Let’s face it, as a business grows so does its needs. This transition happens slowly and sooner than later, a firm is bombarded with lots of little solutions, each itching a single scratch in helping the company collaborate better. Worse yet, navigating between those tools is often painful. In the best case, the integration features add even more buttons to an already complicated user interface. In the worst case, a firm will have to manage a bunch of bookmarks to get to specific features.

On the subject of user interfaces, today’s solutions are all over the board. Geek-centric solutions might make a firm’s IT teams happy, but they could also alienate project managers, product managers, and upper management. Some solutions create busy-work for team members so that management can have pretty reports.
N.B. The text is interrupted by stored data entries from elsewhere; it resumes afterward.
(* For every $n\ge1$ and $i,j\in S$, $(E^n)_{ij}$ equals the probability that the BPME started with population $n$ in environment $i$ halts in $0.j$. Moreover $f(E)=E$, and for every $S\times S$ matrix $M$ with $0\le M\le E$ entrywise, $\lim_{n\to\infty}f^n(M)=E$, where $f^n$ is the $n$-th iterate of $f$ (in particular $\lim_{n\to\infty}f^n(O)=E$ for the zero matrix $O$).
   Context: Let $S$ be a finite set and $P$ the transition matrix of an irreducible Markov chain on $S$. For each $j\in S$ let $(R_{jn})_{n\in\mathbb{N}}$ be a probability distribution on $\mathbb{N}$. Let $(\xi_t^i)_{t\ge1,i\in S}$ be independent with $\mathbb{P}(\xi_t^i=n)=R_{in}$, let $(Q_t)_{t\ge0}$ be a Markov chain with transition matrix $P$ independent of the $\xi$'s, and $\xi_t=\sum_{i}\xi_t^i\mathbf{1}\{Q_t=i\}$. The BPME is $X_{t+1}=X_t-1+\xi_{t+1}$ if $X_t>0$ and $X_{t+1}=0$ if $X_t=0$, with $X_0\ge1$. The process started from $X_0=n$, $Q_0=i$ halts in $0.j$ if $T:=\inf\{t:X_t=0\}$ is finite and $Q_T=j$. The extinction matrix $E$ is the $S\times S$ matrix with $E_{ij}$ the probability that the BPME started from $X_0=1$, $Q_0=i$ halts in $0.j$. For $n\in\mathbb{N}$ let $(P_n)_{ij}=P_{ij}R_{jn}$, and define the matrix generating function $f(M)=\sum_{n\ge0}P_nM^n$ for substochastic $S\times S$ matrices $M$, with $M^0=I$. *)

theory Defs
  imports "HOL-Analysis.Analysis" "HOL-Probability.Probability"
begin

text \<open>The transition matrix P is given row-wise
  as a kernel P :: 'a => 'a pmf (so P i j = pmf (P i) j), and the offspring laws
  R j are given as R :: 'a => nat pmf (so R j n = pmf (R j) n).\<close>

definition mpow :: "real^'a::finite^'a \<Rightarrow> nat \<Rightarrow> real^'a^'a" where
  "mpow M k = ((\<lambda>A. A ** M) ^^ k) (mat 1)"

definition Pmat :: "('a::finite \<Rightarrow> 'a pmf) \<Rightarrow> real^'a^'a" where
  "Pmat P = (\<chi> i j. pmf (P i) j)"

definition irreducible_chain :: "('a::finite \<Rightarrow> 'a pmf) \<Rightarrow> bool" where
  "irreducible_chain P \<longleftrightarrow> (\<forall>i j. \<exists>k. mpow (Pmat P) k $ i $ j > 0)"

definition Pn :: "('a::finite \<Rightarrow> 'a pmf) \<Rightarrow> ('a \<Rightarrow> nat pmf) \<Rightarrow> nat \<Rightarrow> real^'a^'a" where
  "Pn P R n = (\<chi> i j. pmf (P i) j * pmf (R j) n)"

definition genf :: "('a::finite \<Rightarrow> 'a pmf) \<Rightarrow> ('a \<Rightarrow> nat pmf) \<Rightarrow> real^'a^'a \<Rightarrow> real^'a^'a" where
  "genf P R M = (\<chi> i j. \<Sum>n. (Pn P R n ** mpow M n) $ i $ j)"

fun Qpath :: "('a \<Rightarrow> 'a pmf) \<Rightarrow> 'a \<Rightarrow> nat \<Rightarrow> 'a list pmf" where
  "Qpath P i 0 = return_pmf [i]"
| "Qpath P i (Suc t) = bind_pmf (Qpath P i t) (\<lambda>qs. map_pmf (\<lambda>q. qs @ [q]) (P (last qs)))"

definition Xilaw :: "('a::finite \<Rightarrow> nat pmf) \<Rightarrow> nat \<Rightarrow> (nat \<times> 'a \<Rightarrow> nat) pmf" where
  "Xilaw R t = Pi_pmf ({1..t} \<times> UNIV) 0 (\<lambda>(s,k). R k)"

fun Xproc :: "nat \<Rightarrow> 'a list \<Rightarrow> (nat \<times> 'a \<Rightarrow> nat) \<Rightarrow> nat \<Rightarrow> nat" where
  "Xproc n qs xi 0 = n"
| "Xproc n qs xi (Suc s) =
     (if Xproc n qs xi s > 0 then Xproc n qs xi s - 1 + xi (Suc s, qs ! Suc s) else 0)"

definition halted_by :: "nat \<Rightarrow> 'a \<Rightarrow> nat \<Rightarrow> 'a list \<times> (nat \<times> 'a \<Rightarrow> nat) \<Rightarrow> bool" where
  "halted_by n j t \<omega> = (\<exists>T\<le>t. Xproc n (fst \<omega>) (snd \<omega>) T = 0 \<and>
       (\<forall>s<T. Xproc n (fst \<omega>) (snd \<omega>) s > 0) \<and> fst \<omega> ! T = j)"

definition halt_prob_by :: "('a::finite \<Rightarrow> 'a pmf) \<Rightarrow> ('a \<Rightarrow> nat pmf) \<Rightarrow> nat \<Rightarrow> 'a \<Rightarrow> 'a \<Rightarrow> nat \<Rightarrow> real" where
  "halt_prob_by P R n i j t =
     measure_pmf.prob (pair_pmf (Qpath P i t) (Xilaw R t)) {\<omega>. halted_by n j t \<omega>}"

text \<open>P(T < infinity, Q_T = j) = sup_t P(T <= t, Q_T = j) (continuity from below).\<close>
definition halt_prob :: "('a::finite \<Rightarrow> 'a pmf) \<Rightarrow> ('a \<Rightarrow> nat pmf) \<Rightarrow> nat \<Rightarrow> 'a \<Rightarrow> 'a \<Rightarrow> real" where
  "halt_prob P R n i j = (SUP t. halt_prob_by P R n i j t)"

definition extinction_matrix :: "('a::finite \<Rightarrow> 'a pmf) \<Rightarrow> ('a \<Rightarrow> nat pmf) \<Rightarrow> real^'a^'a" where
  "extinction_matrix P R = (\<chi> i j. halt_prob P R 1 i j)"

end

theory Submission
  imports Defs
begin

text \<open>Let h_t(n) be the matrix of probabilities that the process started with population n
  halts in 0.j within t steps. Conditioning on the first step gives
  h_(t+1)(n+1) = \<Sum>_m P_m h_t(n+m), together with h_t(0) = I and h_0(n+1) = 0. From this recursion
  alone, h_t(n) increases with t, and induction on t gives the entrywise inequalities
  h_t(a+b) \<le> h_t(a) h_t(b) and h_t(a) h_t'(b) \<le> h_(t+t')(a+b): to lose a+b individuals the
  population must first lose a of them. In the limit t \<rightarrow> \<infinity> the halting probabilities are
  therefore multiplicative in n, i.e. equal to E^n, and the recursion becomes f(E) = E.
  Finally f is monotone on [0, E] and h_k(1) \<le> f^k(M) \<le> E for 0 \<le> M \<le> E, so f^k(M) \<rightarrow> E.\<close>

lemma measure_pmf_prob_bind_pmf:
  "measure_pmf.prob (bind_pmf M N) X = measure_pmf.expectation M (\<lambda>x. measure_pmf.prob (N x) X)"
proof -
  have "ennreal (measure_pmf.prob (bind_pmf M N) X) = emeasure (measure_pmf (bind_pmf M N)) X"
    by (simp add: measure_pmf.emeasure_eq_measure)
  also have "\<dots> = (\<integral>\<^sup>+x. emeasure (N x) X \<partial>M)" by simp
  also have "\<dots> = (\<integral>\<^sup>+x. ennreal (measure_pmf.prob (N x) X) \<partial>M)"
    by (simp add: measure_pmf.emeasure_eq_measure)
  also have "\<dots> = ennreal (measure_pmf.expectation M (\<lambda>x. measure_pmf.prob (N x) X))"
    by (intro nn_integral_eq_integral measure_pmf.integrable_const_bound[where B=1]) auto
  finally show ?thesis by (simp add: ennreal_inj)
qed

lemma measure_pmf_expectation_finite:
  fixes M :: "'a::finite pmf"
  shows "measure_pmf.expectation M g = (\<Sum>k\<in>UNIV. pmf M k * g k)"
  by (subst integral_measure_pmf_real[of UNIV]) (auto simp: mult.commute)

lemma summable_pmf_nat: "summable (pmf (R::nat pmf))"
proof -
  have "integrable (count_space UNIV) (pmf R)" by (rule integrable_pmf)
  then show ?thesis by (simp add: integrable_count_space_nat_iff)
qed

lemma summable_pmf_mult_bounded:
  fixes g :: "nat \<Rightarrow> real"
  assumes "\<And>m. \<bar>g m\<bar> \<le> C"
  shows "summable (\<lambda>m. pmf (R::nat pmf) m * g m)"
proof (rule summable_comparison_test[where g="\<lambda>m. pmf R m * C"])
  show "summable (\<lambda>m. pmf R m * C)" by (intro summable_mult2 summable_pmf_nat)
  show "\<exists>N. \<forall>n\<ge>N. norm (pmf R n * g n) \<le> pmf R n * C"
    using assms by (auto simp: abs_mult intro!: mult_left_mono)
qed

lemma measure_pmf_expectation_nat:
  fixes R :: "nat pmf" and g :: "nat \<Rightarrow> real"
  assumes "\<And>m. \<bar>g m\<bar> \<le> C"
  shows "measure_pmf.expectation R g = (\<Sum>m. pmf R m * g m)"
proof -
  have "integrable (measure_pmf R) g"
    by (intro measure_pmf.integrable_const_bound[where B=C]) (auto simp: assms)
  then have "integrable (count_space UNIV) (\<lambda>m. pmf R m * g m)"
    by (simp add: measure_pmf_eq_density integrable_density)
  then show ?thesis
    by (simp add: measure_pmf_eq_density integral_density integral_count_space_nat)
qed

lemma abs_sum_mult_le_card:
  fixes x y :: "'a::finite \<Rightarrow> real"
  assumes "\<And>k. \<bar>x k\<bar> \<le> 1" "\<And>k. \<bar>y k\<bar> \<le> 1"
  shows "\<bar>\<Sum>k\<in>UNIV. x k * y k\<bar> \<le> real CARD('a)"
proof -
  have "\<bar>\<Sum>k\<in>UNIV. x k * y k\<bar> \<le> (\<Sum>k\<in>UNIV. \<bar>x k\<bar> * \<bar>y k\<bar>)"
    unfolding abs_mult[symmetric] by (rule sum_abs)
  also have "\<dots> \<le> (\<Sum>k\<in>(UNIV::'a set). 1)"
    using assms by (intro sum_mono mult_le_one) auto
  finally show ?thesis by simp
qed

lemma mpow_0: "mpow M 0 = mat 1"
  by (simp add: mpow_def)

lemma mpow_Suc: "mpow M (Suc n) = mpow M n ** M"
  by (simp add: mpow_def)

lemma mpow_mono:
  fixes A B :: "real^'n::finite^'n"
  assumes "0 \<le> A" "A \<le> B"
  shows "0 \<le> mpow A n \<and> mpow A n \<le> mpow B n"
proof -
  have A: "0 \<le> A $ k $ j" "A $ k $ j \<le> B $ k $ j" for k j
    using assms by (simp_all add: less_eq_vec_def)
  have "0 \<le> mpow A n $ i $ j \<and> mpow A n $ i $ j \<le> mpow B n $ i $ j" for i j
  proof (induction n arbitrary: j)
    case 0
    then show ?case by (simp add: mpow_0 mat_def)
  next
    case (Suc n)
    then show ?case
      unfolding mpow_Suc matrix_matrix_mult_def vec_lambda_beta
      using A by (auto intro!: sum_nonneg sum_mono mult_mono intro: order_trans)
  qed
  then show ?thesis by (simp add: less_eq_vec_def)
qed

section \<open>The first-step operator\<close>

text \<open>With X m k = (X_m)_kj, \<open>first_step P R i X\<close> is the entry (\<Sum>_m P_m X_m)_ij.\<close>

definition first_step ::
    "('s::finite \<Rightarrow> 's pmf) \<Rightarrow> ('s \<Rightarrow> nat pmf) \<Rightarrow> 's \<Rightarrow> (nat \<Rightarrow> 's \<Rightarrow> real) \<Rightarrow> real" where
  "first_step P R i X = (\<Sum>k\<in>UNIV. pmf (P i) k * (\<Sum>m. pmf (R k) m * X m k))"

lemma first_step_nonneg:
  assumes "\<And>m k. \<bar>X m k\<bar> \<le> C" "\<And>m k. 0 \<le> X m k"
  shows "0 \<le> first_step P R i X"
  unfolding first_step_def
  by (intro sum_nonneg mult_nonneg_nonneg suminf_nonneg summable_pmf_mult_bounded[where C=C] assms) auto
Other solutions are too enterprise-y, trying to be everything to everyone, making everything more complicated instead of more efficient. Their lack of focus makes the user experience painful – with too many links, buttons, and tables, all competing for an individual’s attention.

Finally, the lack of a comprehensive feature set makes portfolio management difficult, if not impossible. Some solutions focus on work (tickets, issues, tasks), some focus on the process (kanbans, CI/CD integration), and others focus on people (chat). But what about the bigger picture?

•           How many projects do we have in flight? What’s the relative health of those projects?

•           Have we spread our valued team members too thin?

•           How do I quickly find what I’m looking for? How about searching all the things (projects, users, tickets, documents)?

 

Centralized searching isn’t something a company can do without — yep, you guessed it — buying another tool.

Next, let’s discuss the insanity of help desk solutions. It’s common for projects to deliver solutions to customers who need access to a support team. Isn’t a ticket just a ticket? Why do vendors try to upsell a separate help desk solution? Under this model, if a customer raises an issue that requires remediation by a team, the company ends up with two tickets: One ticket in the help desk solution and another ticket in the collaboration solution. In most cases, there is no inherent association between the two.

Now, let’s think about turnover. When someone leaves an organization, how easy is it to revoke their access? Even if administrators have identified the replacement for a departing team member, reflecting that change in multiple projects can be cumbersome. And, once again, if the company’s been upsold, both of those processes become harder.

The final point worth considering is discoverability. This may sound ridiculous, but many solutions don’t allow a company to specify who is able to discover a project in the first place. If a company is doing real portfolio management, then knowledge sharing is critical, and one should be able to specify who can discover projects. Similarly, a firm should have a way to explicitly limit discoverability to certain projects.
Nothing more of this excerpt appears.